Government creates own free-TV crisis | South China Morning Post
  • Sun
  • Feb 1, 2015
  • Updated: 1:08pm
My Take
PUBLISHED : Monday, 21 October, 2013, 3:23am
UPDATED : Monday, 21 October, 2013, 3:23am

Government creates own free-TV crisis

There are two things to keep in mind if we are to understand the government's bungled free-TV licensing saga. The first is failed licence applicant Ricky Wong Wai-kay's willingness to commit HK$900 million - if we are to trust his numbers - to a TV station before he had a licence. Even a third of that is a large sum.
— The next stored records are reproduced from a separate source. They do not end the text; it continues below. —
(* Let $\mu$ be a nonzero finite Borel measure on $\mathbb{R}$ with compact support, with moments $y_k=\int x^k d\mu$ and $\mathbf{y}=(y_k)_{k\in\mathbb{N}}$. For $d\in\mathbb{N}$ consider the semidefinite program $$\rho_d=\min_{a,b\in\mathbb{R}}\{\,b-a:\ \mathbf{H}_d(\theta_a\,\mathbf{y})\succeq0,\ \mathbf{H}_d(-\theta_b\,\mathbf{y})\succeq0\,\}.$$ Then (a) this program has an optimal solution $(a_d,b_d)$ for every $d\in\mathbb{N}$; (b) for any sequence $(a_d,b_d)_{d\in\mathbb{N}}$ of optimal solutions, $(a_d,b_d)\to(a^*,b^* )$ as $d\to\infty$ for some real $a^*\le b^*$ with $\mathrm{supp}\,\mu\subseteq[a^*,b^*]$; moreover $[a^*,b^*]$ is the smallest closed interval containing $\mathrm{supp}\,\mu$, and if $\mathrm{supp}\,\mu$ is an interval then $\mathrm{supp}\,\mu=[a^*,b^*]$.
   Context: For a sequence $\mathbf{y}=(y_k)_{k\in\mathbb{N}}$ and a polynomial $\theta(x)=\sum_{k=0}^s\theta_kx^k$, $\mathbf{H}_d(\theta\,\mathbf{y})$ is the $(d+1)\times(d+1)$ symmetric matrix with entries $\sum_{k=0}^s\theta_k\,y_{i+j+k-2}$, $i,j=1,\ldots,d+1$. For $a\in\mathbb{R}$, $\theta_a(x)=x-a$; thus $\mathbf{H}_d(\theta_a\mathbf{y})(i,j)=y_{i+j-1}-a\,y_{i+j-2}$ and $\mathbf{H}_d(-\theta_b\mathbf{y})(i,j)=b\,y_{i+j-2}-y_{i+j-1}$. $\succeq0$ denotes positive semidefiniteness. $\mathrm{supp}\,\mu$ is the smallest closed set whose complement has $\mu$-measure zero. *)

theory Defs
  imports "HOL-Analysis.Analysis" "HOL-Probability.Probability" "HOL-Computational_Algebra.Polynomial"
begin

definition moment_seq :: "real measure \<Rightarrow> nat \<Rightarrow> real" where
  "moment_seq M k = integral\<^sup>L M (\<lambda>x. x ^ k)"
(* The translates by 2k n, k < K, are disjoint and lie in a ball of radius R + 2K. *)
lemma emeasure_slab_cylinder_stack_le:
  fixes n p :: "'a::euclidean_space"
  assumes n: "norm n = 1" and R: "0 \<le> R"
  shows "of_nat K * emeasure lborel (slab_cylinder n p R 0) \<le> ennreal ((2 * (R + 2 * real K)) ^ DIM('a))"
proof -
  have disjoint: "disjoint_family_on (\<lambda>k. slab_cylinder n p R (2 * real k)) {..<K}"
    unfolding disjoint_family_on_def
  proof clarify
    fix i j :: nat assume "i \<noteq> j"
    then have "real i + 1 \<le> real j \<or> real j + 1 \<le> real i" by linarith
    then show "slab_cylinder n p R (2 * real i) \<inter> slab_cylinder n p R (2 * real j) = {}"
      by (auto simp: slab_cylinder_def)
  qed
  have stack: "(\<Union>k<K. slab_cylinder n p R (2 * real k)) \<subseteq> cball (- p) (R + 2 * real K)"
  proof clarify
    fix k x assume k: "k < K" and x: "x \<in> slab_cylinder n p R (2 * real k)"
    have "norm (p + x) \<le> norm (p + (x - (x \<bullet> n) *\<^sub>R n)) + norm ((x \<bullet> n) *\<^sub>R n)"
      by (metis add_diff_eq diff_add_cancel norm_triangle_ineq)
    also have "\<dots> \<le> R + 2 * real K"
      using x k n by (auto simp: slab_cylinder_def)
    finally show "x \<in> cball (- p) (R + 2 * real K)"
      by (simp add: dist_norm norm_minus_commute[of "- p"] algebra_simps)
  qed
  have "(\<Sum>k<K. emeasure lborel (slab_cylinder n p R (2 * real k)))
      = (\<Sum>k<K. emeasure lborel (slab_cylinder n p R 0))"
    by (intro sum.cong refl emeasure_slab_cylinder_shift[OF n])
  then have "of_nat K * emeasure lborel (slab_cylinder n p R 0)
      = (\<Sum>k<K. emeasure lborel (slab_cylinder n p R (2 * real k)))"
    by simp
  also have "\<dots> = emeasure lborel (\<Union>k<K. slab_cylinder n p R (2 * real k))"
    using disjoint by (intro sum_emeasure) (auto intro: slab_cylinder_sets[unfolded sets_lborel])
  also have "\<dots> \<le> emeasure lborel (cball (- p) (R + 2 * real K))"
    using stack by (intro emeasure_mono) auto
  also have "\<dots> \<le> ennreal ((2 * (R + 2 * real K)) ^ DIM('a))"
    using R by (intro emeasure_cball_le) auto
  finally show ?thesis .
qed

lemma emeasure_slab_cylinder_le:
  fixes n p :: "'a::euclidean_space"
  assumes n: "norm n = 1" and R: "2/3 \<le> R"
  shows "emeasure lborel (slab_cylinder n p R 0) \<le> ennreal (12 ^ DIM('a) * R powr (real DIM('a) - 1))"
proof -
  define K where "K = nat \<lceil>R\<rceil>"
  have K: "R \<le> real K" "real K \<le> R + 1" "0 < K"
    using R by (auto simp: K_def)
  have "of_nat K * emeasure lborel (slab_cylinder n p R 0) \<le> ennreal ((2 * (R + 2 * real K)) ^ DIM('a))"
    using R by (intro emeasure_slab_cylinder_stack_le[OF n]) auto
  also have "\<dots> \<le> ennreal ((12 * R) ^ DIM('a))"
    using R K by (intro ennreal_leI power_mono) auto
  also have "\<dots> = of_nat K * ennreal ((12 * R) ^ DIM('a) / real K)"
    using K by (simp add: ennreal_of_nat_eq_real_of_nat flip: ennreal_mult)
  finally have "emeasure lborel (slab_cylinder n p R 0) \<le> ennreal ((12 * R) ^ DIM('a) / real K)"
    using K by (subst (asm) ennreal_mult_le_mult_iff) auto
  also have "\<dots> \<le> ennreal ((12 * R) ^ DIM('a) / R)"
    using R K by (intro ennreal_leI divide_left_mono) auto
  also have "(12 * R) ^ DIM('a) / R = 12 ^ DIM('a) * R powr (real DIM('a) - 1)"
    using R by (simp add: powr_diff powr_realpow power_mult_distrib)
  finally show ?thesis .
qed

lemma exists_dyadic_bracket:
  fixes a h :: real
  assumes a: "0 < a" and h: "a \<le> h"
  shows "\<exists>j::nat. h \<le> 2 ^ j * a \<and> 2 ^ j * a < 2 * h"
proof -
  obtain m :: nat where "h / a < 2 ^ m"
    using real_arch_pow[of 2 "h / a"] by auto
  then have ex: "\<exists>j::nat. h \<le> 2 ^ j * a"
    using a by (intro exI[of _ m]) (simp add: field_simps)
  define j where "j = (LEAST j::nat. h \<le> 2 ^ j * a)"
  have "h \<le> 2 ^ j * a"
    unfolding j_def by (rule LeastI_ex[OF ex])
  moreover have "2 ^ j * a < 2 * h"
  proof (cases j)
    case (Suc i)
    then have "i < j" by simp
    then have "\<not> h \<le> 2 ^ i * a"
      unfolding j_def by (rule not_less_Least)
    then show ?thesis using Suc by simp
  qed (use a h in simp)
  ultimately show ?thesis by blast
qed

lemma nn_integral_powr_le_dyadic_sum:
  fixes h :: "'b \<Rightarrow> real"
  assumes a: "0 < a" and P: "0 \<le> P" and S: "S \<in> sets M" and h: "h \<in> borel_measurable M"
    and h_ge: "\<And>x. x \<in> S \<Longrightarrow> a \<le> h x"
  shows "(\<integral>\<^sup>+x. ennreal (indicator S x * h x powr - P) \<partial>M)
    \<le> (\<Sum>j. ennreal ((2 ^ j * a / 2) powr - P) * emeasure M {x \<in> S. h x \<le> 2 ^ j * a})"
proof -
  note [measurable] = S h
  define F where "F j x = ennreal ((2 ^ j * a / 2) powr - P) * indicator {x \<in> S. h x \<le> 2 ^ j * a} x"
    for j :: nat and x
  have "ennreal (indicator S x * h x powr - P) \<le> (\<Sum>j. F j x)" for x
  proof (cases "x \<in> S")
    case True
    obtain j :: nat where j: "h x \<le> 2 ^ j * a" "2 ^ j * a < 2 * h x"
      using exists_dyadic_bracket[OF a h_ge[OF True]] by blast
    have "h x powr - P \<le> (2 ^ j * a / 2) powr - P"
      using a P j by (intro powr_mono2') auto
    then have "ennreal (indicator S x * h x powr - P) \<le> F j x"
      using True j by (simp add: F_def ennreal_leI)
    also have "\<dots> \<le> (\<Sum>j. F j x)"
    proof -
      have "sum (\<lambda>i. F i x) {j} \<le> (\<Sum>i. F i x)" by (rule sum_le_suminf) auto
      then show ?thesis by simp
    qed
    finally show ?thesis .
  qed simp
  then have "(\<integral>\<^sup>+x. ennreal (indicator S x * h x powr - P) \<partial>M) \<le> (\<integral>\<^sup>+x. (\<Sum>j. F j x) \<partial>M)"
    by (intro nn_integral_mono)
  also have "\<dots> = (\<Sum>j. \<integral>\<^sup>+x. F j x \<partial>M)"
    unfolding F_def by (intro nn_integral_suminf) measurable
  also have "\<dots> = (\<Sum>j. ennreal ((2 ^ j * a / 2) powr - P) * emeasure M {x \<in> S. h x \<le> 2 ^ j * a})"
    unfolding F_def by (subst nn_integral_cmult_indicator) measurable
  finally show ?thesis .
qed

lemma emeasure_slab_cylinder_dyadic_le:
  fixes n p :: "'a::euclidean_space"
  assumes n: "norm n = 1" and a: "2/3 \<le> a"
  shows "ennreal ((2 ^ j * a / 2) powr - P) * emeasure lborel (slab_cylinder n p (2 ^ j * a) 0)
    \<le> ennreal (2 powr P * 12 ^ DIM('a) * a powr (real DIM('a) - 1 - P)
                * (2 powr (real DIM('a) - 1 - P)) ^ j)"
proof -
  define e where "e = real DIM('a) - 1 - P"
  have "(1::real) \<le> 2 ^ j" by simp
  then have R: "2/3 \<le> 2 ^ j * a"
    using a mult_right_mono[of 1 "2 ^ j" a] by linarith
  then have "ennreal ((2 ^ j * a / 2) powr - P) * emeasure lborel (slab_cylinder n p (2 ^ j * a) 0)
      \<le> ennreal ((2 ^ j * a / 2) powr - P) * ennreal (12 ^ DIM('a) * (2 ^ j * a) powr (real DIM('a) - 1))"
    by (intro mult_left_mono emeasure_slab_cylinder_le[OF n]) auto
  also have "\<dots> = ennreal ((2 ^ j * a / 2) powr - P * (12 ^ DIM('a) * (2 ^ j * a) powr (real DIM('a) - 1)))"
    by (rule ennreal_mult[symmetric]) auto
  also have "(2 ^ j * a / 2) powr - P * (12 ^ DIM('a) * (2 ^ j * a) powr (real DIM('a) - 1))
      = 2 powr P * 12 ^ DIM('a) * a powr e * (2 powr e) ^ j"
  proof -
    have "(2 ^ j * a / 2) powr - P = 2 powr P * (2 ^ j * a) powr - P"
      using R by (simp add: powr_divide powr_minus field_simps)
    moreover have "(2 ^ j * a) powr - P * (2 ^ j * a) powr (real DIM('a) - 1) = (2 ^ j * a) powr e"
      unfolding e_def by (simp flip: powr_add)
    moreover have "(2 ^ j * a) powr e = (2 powr real j) powr e * a powr e"
      using R by (simp add: powr_mult powr_realpow)
    moreover have "(2 powr real j) powr e = (2 powr e) ^ j"
      by (simp add: powr_powr powr_power mult.commute)
    ultimately show ?thesis
      by (simp only: mult_ac)
  qed
  finally show ?thesis unfolding e_def .
qed

lemma slab_nn_integral_powr_le:
  fixes n p :: "'a::euclidean_space"
  assumes n: "norm n = 1" and a: "2/3 \<le> a" and P: "real DIM('a) - 1 < P"
    and dist: "\<And>x. a \<le> norm (p + (x - (x \<bullet> n) *\<^sub>R n))"
  shows "(\<integral>\<^sup>+x. ennreal (indicator {x. 0 \<le> x \<bullet> n \<and> x \<bullet> n \<le> 1} x
              * norm (p + (x - (x \<bullet> n) *\<^sub>R n)) powr - P) \<partial>lborel)
    \<le> ennreal (2 powr P * 12 ^ DIM('a) * a powr (real DIM('a) - 1 - P)
                / (1 - 2 powr (real DIM('a) - 1 - P)))"
proof -
  define e where "e = real DIM('a) - 1 - P"
  define K where "K = 2 powr P * 12 ^ DIM('a) * a powr e"
  have "0 \<le> P"
    using P DIM_positive[where 'a='a] by linarith
  have \<rho>: "0 < 2 powr e" "2 powr e < 1"
    using P unfolding e_def by (auto intro: powr_less_one)
  have "{x \<in> {x. 0 \<le> x \<bullet> n \<and> x \<bullet> n \<le> 1}. norm (p + (x - (x \<bullet> n) *\<^sub>R n)) \<le> R}
      = slab_cylinder n p R 0" for R
    by (auto simp: slab_cylinder_def)
  then have "(\<integral>\<^sup>+x. ennreal (indicator {x. 0 \<le> x \<bullet> n \<and> x \<bullet> n \<le> 1} x
              * norm (p + (x - (x \<bullet> n) *\<^sub>R n)) powr - P) \<partial>lborel)
      \<le> (\<Sum>j. ennreal ((2 ^ j * a / 2) powr - P) * emeasure lborel (slab_cylinder n p (2 ^ j * a) 0))"
    using nn_integral_powr_le_dyadic_sum[of a P "{x. 0 \<le> x \<bullet> n \<and> x \<bullet> n \<le> 1}" lborel
        "\<lambda>x. norm (p + (x - (x \<bullet> n) *\<^sub>R n))"] a \<open>0 \<le> P\<close> dist
    by simp
  also have "\<dots> \<le> (\<Sum>j. ennreal (K * (2 powr e) ^ j))"
    unfolding K_def e_def by (intro suminf_le summableI emeasure_slab_cylinder_dyadic_le[OF n a])
  also have "\<dots> = ennreal (\<Sum>j. K * (2 powr e) ^ j)"
    using \<rho> unfolding K_def by (intro suminf_ennreal2) (auto intro: summable_mult)
  also have "(\<Sum>j. K * (2 powr e) ^ j) = K / (1 - 2 powr e)"
    using \<rho> by (simp add: suminf_mult suminf_geometric divide_inverse)
  finally show ?thesis unfolding K_def e_def .
qed

lemma hyperplane_integral_nonneg:
  assumes "\<And>w. 0 \<le> F w"
  shows "0 \<le> hyperplane_integral p u F"
  unfolding hyperplane_integral_def Let_def set_lebesgue_integral_def
  using assms by (intro integral_nonneg_AE) auto

lemma inner_unit_le_norm_hyperplane_point:
  fixes n p x :: "'a::real_inner"
  assumes "norm n = 1"
  shows "p \<bullet> n \<le> norm (p + (x - (x \<bullet> n) *\<^sub>R n))"
proof -
  have "n \<bullet> n = 1" using assms by (simp add: dot_square_norm)
  then have "p \<bullet> n = (p + (x - (x \<bullet> n) *\<^sub>R n)) \<bullet> n"
    by (simp add: inner_add_left inner_diff_left)
  also have "\<dots> \<le> norm (p + (x - (x \<bullet> n) *\<^sub>R n))"
    using norm_cauchy_schwarz[of _ n] assms by simp
  finally show ?thesis .
qed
The second is TVB's claim that there was a clear understanding with the post-handover government when it and ATV were each granted a 12-year licence - with expiry in 2015 - there would be no new competitors during those years. For this, TVB tried but failed to launch a judicial review. Interestingly, its stock, which had gone through a 20 per cent correction since May, has started a recovery once the government announced the granting of two licences to PCCW and i-Cable but not to Wong's Hong Kong Television Network. Did investors think HKTV, now safely neutralised, was the bigger threat to TVB's market dominance?

Wong may be impulsive but he is no fool. The fact that he was invited by the previous government to apply for a licence must have given him a strong impression that his being granted one was almost a sure thing - hence his willingness to commit on such a scale. That is why, with good reason, he feels burned now.

The dilemma that commerce chief Greg So Kam-leung and the current government faced was how to introduce more TV stations without upsetting TVB and ATV. This explains why So had dragged his feet to make a decision for more than two years since he took over his current post. The two licences, even now, have only been granted "in principle". That will buy the government even more time to take it through 2015, by which time TVB and ATV will have no case to complain.

The problem with Wong is that if he was as good as he claimed, his station could go on-air today if officials let him. If he had kept quiet and been less gung-ho, he might have a fighting chance.

In resolving its business dilemma, the government has created a political crisis for itself. For the government to conduct business as usual is to invite disasters. By only juggling the concerns of commercial parties, it has completely neglected the public, the largest stakeholder in free-TV broadcasting.